#### Supplied data ####
(* If $f$ satisfies the rate conditions of order $0$ and $z_1,z_2\in D$ satisfy $z_1\in J_u(z_2,1/L)$, then $\|\pi_x(f(z_1)-f(z_2))\|\ge\xi_{u,1,P}\|\pi_x(z_1-z_2)\|$.
   Context: $c,u,s$ positive integers, $\Lambda=(\mathbb{R}/\mathbb{Z})^c$, $R_\Lambda=\tfrac12$; points are "in the same chart" if their $\lambda$-components have lifts to $\mathbb{R}^c$ at distance $\le R_\Lambda$; differences, norms, cones and derivatives are computed in such lifts. $\overline B_n(R)$ closed ball at $0$; Euclidean norms. $0<R<R_\Lambda/2$, $D=\Lambda\times\overline B_u(R)\times\overline B_s(R)$, $z=(\lambda,x,y)$, projections $\pi_\lambda,\pi_x,\pi_y,\pi_{(\lambda,y)}$; $f:D\to\Lambda\times\mathbb{R}^u\times\mathbb{R}^s$ is $C^1$, $f=(f_\lambda,f_x,f_y)$. $m(A)=\max\{c:\|Av\|\ge c\|v\|\}$, $m(\mathbf A)=\inf_{A\in\mathbf A}m(A)$; $[\partial g/\partial w(U)]$ = set of matrices with $(i,j)$ entry in $[\inf_U\partial g_i/\partial w_j,\sup_U\partial g_i/\partial w_j]$; $P(z)=\{w\in D:\|\pi_\lambda w-\pi_\lambda z\|\le R_\Lambda/2\}$. Fix $L\in(2R/R_\Lambda,1)$. $\mu_{s,1}=\sup_D\{\|\partial_yf_y\|+\frac1L\|\partial_{(\lambda,x)}f_y\|\}$, $\xi_{u,1,P}=\inf_{z\in D}m[\partial_xf_x(P(z))]-\frac1L\sup_D\|\partial_{(\lambda,y)}f_x\|$, $\mu_{cs,1}=\sup_D\{\|\partial_{(\lambda,y)}f_{(\lambda,y)}\|+L\|\partial_xf_{(\lambda,y)}\|\}$, $\xi_{cu,1,P}=\inf_{z\in D}m[\partial_{(\lambda,x)}f_{(\lambda,x)}(P(z))]-L\sup_D\|\partial_yf_{(\lambda,x)}\|$. Rate conditions of order $0$: $\mu_{s,1}<1<\xi_{u,1,P}$, $\mu_{cs,1}<\xi_{u,1,P}$, $\mu_{s,1}<\xi_{cu,1,P}$. $J_u(z,M)=\{(\lambda,x,y):\|(\lambda,y)-\pi_{(\lambda,y)}z\|\le M\|x-\pi_xz\|\}$. *)

theory Defs
  imports "HOL-Analysis.Analysis"
begin

text \<open>A point of \<Lambda> x R^u x R^s is represented by a lift
  (l, x, y) in R^c x R^u x R^s; f is represented by a lift F of f to the universal
  cover, i.e. F(l + k, x, y) - F(l, x, y) lies in Z^c x 0 x 0 for integer vectors k.\<close>

type_synonym ('c, 'u, 's) pt = "(real^'c) \<times> (real^'u) \<times> (real^'s)"

definition RLam :: real where "RLam = 1/2"

definition lam :: "('c::finite, 'u::finite, 's::finite) pt \<Rightarrow> real^'c" where
  "lam z = fst z"
definition px :: "('c::finite, 'u::finite, 's::finite) pt \<Rightarrow> real^'u" where
  "px z = fst (snd z)"
definition py :: "('c::finite, 'u::finite, 's::finite) pt \<Rightarrow> real^'s" where
  "py z = snd (snd z)"

definition Zc :: "(real^'c::finite) set" where
  "Zc = {k. \<forall>i. k $ i \<in> \<int>}"

definition Dl :: "real \<Rightarrow> ('c::finite, 'u::finite, 's::finite) pt set" where
  "Dl R = UNIV \<times> cball 0 R \<times> cball 0 R"

text \<open>P(z) = {w \<in> D. dist_\<Lambda>(\<lambda>w, \<lambda>z) \<le> R_\<Lambda>/2}, torus distance via lifts.\<close>
definition Pset :: "real \<Rightarrow> ('c::finite, 'u::finite, 's::finite) pt \<Rightarrow> ('c, 'u, 's) pt set" where
  "Pset R z = {w \<in> Dl R. \<exists>k\<in>Zc. norm (lam w - lam z + k) \<le> RLam / 2}"

definition m_mat :: "real^'j::finite^'i::finite \<Rightarrow> real" where
  "m_mat A = Sup {c. \<forall>v. c * norm v \<le> norm (A *v v)}"

definition m_set :: "(real^'j::finite^'i::finite) set \<Rightarrow> real" where
  "m_set S = (INF A\<in>S. m_mat A)"

text \<open>Interval matrix [\<partial>g/\<partial>w(U)] from entry functions E w i j = \<partial>g_i/\<partial>w_j (w).\<close>
definition interval_mat :: "('p \<Rightarrow> 'i::finite \<Rightarrow> 'j::finite \<Rightarrow> real) \<Rightarrow> 'p set \<Rightarrow> (real^'j^'i) set" where
  "interval_mat E U = {A. \<forall>i j. (INF w\<in>U. E w i j) \<le> A $ i $ j \<and> A $ i $ j \<le> (SUP w\<in>U. E w i j)}"

definition E_xx :: "(('c::finite, 'u::finite, 's::finite) pt \<Rightarrow> ('c, 'u, 's) pt \<Rightarrow>\<^sub>L ('c, 'u, 's) pt)
    \<Rightarrow> ('c, 'u, 's) pt \<Rightarrow> 'u \<Rightarrow> 'u \<Rightarrow> real" where
  "E_xx DF w i j = px (blinfun_apply (DF w) (0, axis j 1, 0)) $ i"

definition dir_lx :: "'c + 'u \<Rightarrow> ('c::finite, 'u::finite, 's::finite) pt" where
  "dir_lx j = (case j of Inl a \<Rightarrow> (axis a 1, 0, 0) | Inr b \<Rightarrow> (0, axis b 1, 0))"
definition coord_lx :: "('c::finite, 'u::finite, 's::finite) pt \<Rightarrow> 'c + 'u \<Rightarrow> real" where
  "coord_lx p i = (case i of Inl a \<Rightarrow> lam p $ a | Inr b \<Rightarrow> px p $ b)"

definition E_lxlx :: "(('c::finite, 'u::finite, 's::finite) pt \<Rightarrow> ('c, 'u, 's) pt \<Rightarrow>\<^sub>L ('c, 'u, 's) pt)
    \<Rightarrow> ('c, 'u, 's) pt \<Rightarrow> 'c + 'u \<Rightarrow> 'c + 'u \<Rightarrow> real" where
  "E_lxlx DF w i j = coord_lx (blinfun_apply (DF w) (dir_lx j :: ('c, 'u, 's) pt)) i"

text \<open>Rate quantities (operator norms are Euclidean; product norms are Euclidean).\<close>
definition mu_s1 :: "(('c::finite, 'u::finite, 's::finite) pt \<Rightarrow> ('c, 'u, 's) pt \<Rightarrow>\<^sub>L ('c, 'u, 's) pt)
    \<Rightarrow> real \<Rightarrow> real \<Rightarrow> real" where
  "mu_s1 DF L R = (SUP z\<in>(Dl R :: ('c, 'u, 's) pt set).
      onorm (\<lambda>v::real^'s. py (blinfun_apply (DF z) (0, 0, v)))
      + (1 / L) * onorm (\<lambda>(a::real^'c, b::real^'u). py (blinfun_apply (DF z) (a, b, 0))))"

definition xi_u1P :: "(('c::finite, 'u::finite, 's::finite) pt \<Rightarrow> ('c, 'u, 's) pt \<Rightarrow>\<^sub>L ('c, 'u, 's) pt)
    \<Rightarrow> real \<Rightarrow> real \<Rightarrow> real" where
  "xi_u1P DF L R =
     (INF z\<in>(Dl R :: ('c, 'u, 's) pt set). m_set (interval_mat (E_xx DF) (Pset R z)))
     - (1 / L) * (SUP z\<in>(Dl R :: ('c, 'u, 's) pt set).
          onorm (\<lambda>(a::real^'c, b::real^'s). px (blinfun_apply (DF z) (a, 0, b))))"

definition mu_cs1 :: "(('c::finite, 'u::finite, 's::finite) pt \<Rightarrow> ('c, 'u, 's) pt \<Rightarrow>\<^sub>L ('c, 'u, 's) pt)
    \<Rightarrow> real \<Rightarrow> real \<Rightarrow> real" where
  "mu_cs1 DF L R = (SUP z\<in>(Dl R :: ('c, 'u, 's) pt set).
      onorm (\<lambda>(a::real^'c, b::real^'s).
         (lam (blinfun_apply (DF z) (a, 0, b)), py (blinfun_apply (DF z) (a, 0, b))))
      + L * onorm (\<lambda>v::real^'u.
         (lam (blinfun_apply (DF z) (0, v, 0)), py (blinfun_apply (DF z) (0, v, 0)))))"

definition xi_cu1P :: "(('c::finite, 'u::finite, 's::finite) pt \<Rightarrow> ('c, 'u, 's) pt \<Rightarrow>\<^sub>L ('c, 'u, 's) pt)
    \<Rightarrow> real \<Rightarrow> real \<Rightarrow> real" where
  "xi_cu1P DF L R =
     (INF z\<in>(Dl R :: ('c, 'u, 's) pt set). m_set (interval_mat (E_lxlx DF) (Pset R z)))
     - L * (SUP z\<in>(Dl R :: ('c, 'u, 's) pt set).
          onorm (\<lambda>v::real^'s.
             (lam (blinfun_apply (DF z) (0, 0, v)), px (blinfun_apply (DF z) (0, 0, v)))))"

definition rate_conditions_0 :: "(('c::finite, 'u::finite, 's::finite) pt \<Rightarrow> ('c, 'u, 's) pt \<Rightarrow>\<^sub>L ('c, 'u, 's) pt)
    \<Rightarrow> real \<Rightarrow> real \<Rightarrow> bool" where
  "rate_conditions_0 DF L R \<longleftrightarrow>
     mu_s1 DF L R < 1 \<and> 1 < xi_u1P DF L R \<and>
     mu_cs1 DF L R < xi_u1P DF L R \<and> mu_s1 DF L R < xi_cu1P DF L R"

definition lifted_C1 :: "real \<Rightarrow> (('c::finite, 'u::finite, 's::finite) pt \<Rightarrow> ('c, 'u, 's) pt)
    \<Rightarrow> (('c, 'u, 's) pt \<Rightarrow> ('c, 'u, 's) pt \<Rightarrow>\<^sub>L ('c, 'u, 's) pt) \<Rightarrow> bool" where
  "lifted_C1 R F DF \<longleftrightarrow>
     (\<forall>z\<in>Dl R. (F has_derivative blinfun_apply (DF z)) (at z within Dl R)) \<and>
     continuous_on (Dl R) DF \<and>
     (\<forall>l x y k. (l, x, y) \<in> Dl R \<longrightarrow> k \<in> Zc \<longrightarrow>
        lam (F (l + k, x, y)) - lam (F (l, x, y)) \<in> Zc \<and>
        px (F (l + k, x, y)) = px (F (l, x, y)) \<and>
        py (F (l + k, x, y)) = py (F (l, x, y)))"

text \<open>J_u(z, M), with \<lambda>-differences taken in lifts at distance \<le> R_\<Lambda> (same chart).\<close>
definition in_Ju :: "('c::finite, 'u::finite, 's::finite) pt \<Rightarrow> ('c, 'u, 's) pt \<Rightarrow> real \<Rightarrow> bool" where
  "in_Ju w z M \<longleftrightarrow> norm (lam w - lam z) \<le> RLam \<and>
     norm (lam w - lam z, py w - py z) \<le> M * norm (px w - px z)"

end

theory Submission
  imports Defs
begin

text \<open>Write \<open>d = z\<^sub>1 - z\<^sub>2\<close>, and let \<open>A\<close> and \<open>r\<close> be the averages, along the segment
  from \<open>z\<^sub>2\<close> to \<open>z\<^sub>1\<close>, of \<open>\<partial>\<^sub>xf\<^sub>x\<close> and of \<open>\<partial>\<^sub>\<lambda>\<^sub>yf\<^sub>x\<close> applied to the \<open>(\<lambda>, y)\<close>-part of \<open>d\<close>.
  The mean value theorem in integral form gives \<open>\<pi>\<^sub>x(f z\<^sub>1 - f z\<^sub>2) = A \<pi>\<^sub>xd + r\<close>.
  The cone condition bounds the \<open>\<lambda>\<close>-displacement by \<open>R\<^sub>\<Lambda>\<close>, so the segment lies in \<open>P(z)\<close>
  for its midpoint \<open>z\<close>, and an average of matrices along a path in \<open>P(z)\<close> lies in the
  interval matrix \<open>[\<partial>\<^sub>xf\<^sub>x(P(z))]\<close>; hence \<open>\<parallel>A \<pi>\<^sub>xd\<parallel> \<ge> m[\<partial>\<^sub>xf\<^sub>x(P(z))] \<parallel>\<pi>\<^sub>xd\<parallel>\<close>.
  By the cone condition again, \<open>\<parallel>r\<parallel> \<le> sup \<parallel>\<partial>\<^sub>\<lambda>\<^sub>yf\<^sub>x\<parallel> \<parallel>\<pi>\<^sub>xd\<parallel> / L\<close>. The infima and
  suprema defining \<open>\<xi>\<^sub>u\<^sub>,\<^sub>1\<^sub>,\<^sub>P\<close> are finite because \<open>\<pi>\<^sub>x \<circ> Df\<close> is periodic in \<open>\<lambda>\<close>, hence
  bounded on the non-compact domain \<open>D\<close>.\<close>

section \<open>Norms, lower norms and interval matrices\<close>

lemma norm_Pair_zero: "norm (a, 0::'b::real_normed_vector, b) = norm (a, b)"
  by (simp add: norm_Pair)

lemma norm_px_le: "norm (px p) \<le> norm p"
  unfolding px_def using norm_fst_le[of "fst (snd p)" "snd (snd p)"] norm_snd_le[of "snd p" "fst p"]
  by simp

lemma bounded_linear_matrix_vector_mult_left: "bounded_linear (\<lambda>A::real^'m::finite^'n::finite. A *v v)"
  unfolding linear_conv_bounded_linear[symmetric]
  by (intro linearI) (simp_all add: matrix_vector_mult_add_rdistrib scaleR_matrix_vector_assoc)

lemma m_mat_nonneg: "0 \<le> m_mat A"
  and m_mat_mult_norm_le: "m_mat A * norm v \<le> norm (A *v v)"
  for A :: "real^'j::finite^'i::finite"
proof -
  define S where "S = {c. \<forall>v. c * norm v \<le> norm (A *v v)}"
  have "0 \<in> S"
    unfolding S_def by simp
  have "bdd_above S"
  proof (rule bdd_aboveI)
    fix c assume "c \<in> S"
    then have "c * norm (axis undefined (1::real) :: real^'j) \<le> norm (A *v axis undefined 1)"
      unfolding S_def by blast
    then show "c \<le> norm (A *v axis undefined 1)"
      by simp
  qed
  show "0 \<le> m_mat A"
    unfolding m_mat_def S_def[symmetric] using cSup_upper[OF \<open>0 \<in> S\<close> \<open>bdd_above S\<close>] .
  show "m_mat A * norm v \<le> norm (A *v v)"
  proof (cases "v = 0")
    case False
    have "S \<noteq> {}"
      using \<open>0 \<in> S\<close> by blast
    then have "Sup S \<le> norm (A *v v) / norm v"
      by (rule cSup_least) (use False in \<open>auto simp: S_def pos_le_divide_eq\<close>)
    with False show ?thesis
      unfolding m_mat_def S_def[symmetric] by (simp add: pos_le_divide_eq)
  qed simp
qed

lemma m_set_nonneg: "A \<in> S \<Longrightarrow> 0 \<le> m_set S"
  unfolding m_set_def by (rule cINF_greatest) (auto simp: m_mat_nonneg)

lemma m_set_le_m_mat: "A \<in> S \<Longrightarrow> m_set S \<le> m_mat A"
  unfolding m_set_def by (rule cINF_lower) (auto intro: bdd_belowI[of _ 0] simp: m_mat_nonneg)

lemma INF_le_le_SUP_abs_bounded:
  fixes g :: "'a \<Rightarrow> real"
  assumes "\<And>w. w \<in> U \<Longrightarrow> \<bar>g w\<bar> \<le> B" and "w \<in> U"
  shows "(INF w\<in>U. g w) \<le> g w \<and> g w \<le> (SUP w\<in>U. g w)"
proof -
  have "-B \<le> g w \<and> g w \<le> B" if "w \<in> U" for w
    using assms(1)[OF that] by linarith
  then have "bdd_below (g ` U)" "bdd_above (g ` U)"
    by (auto intro!: bdd_belowI[of _ "-B"] bdd_aboveI[of _ B])
  then show ?thesis
    using assms(2) by (auto intro: cINF_lower cSUP_upper)
qed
####
Instructions for the task:
Find every line in the records that uses the string "unfolding", then copy it.

Output below:
  unfolding px_def using norm_fst_le[of "fst (snd p)" "snd (snd p)"] norm_snd_le[of "snd p" "fst p"]
  unfolding linear_conv_bounded_linear[symmetric]
    unfolding S_def by simp
      unfolding S_def by blast
    unfolding m_mat_def S_def[symmetric] using cSup_upper[OF \<open>0 \<in> S\<close> \<open>bdd_above S\<close>] .
      unfolding m_mat_def S_def[symmetric] by (simp add: pos_le_divide_eq)
  unfolding m_set_def by (rule cINF_greatest) (auto simp: m_mat_nonneg)
  unfolding m_set_def by (rule cINF_lower) (auto intro: bdd_belowI[of _ 0] simp: m_mat_nonneg)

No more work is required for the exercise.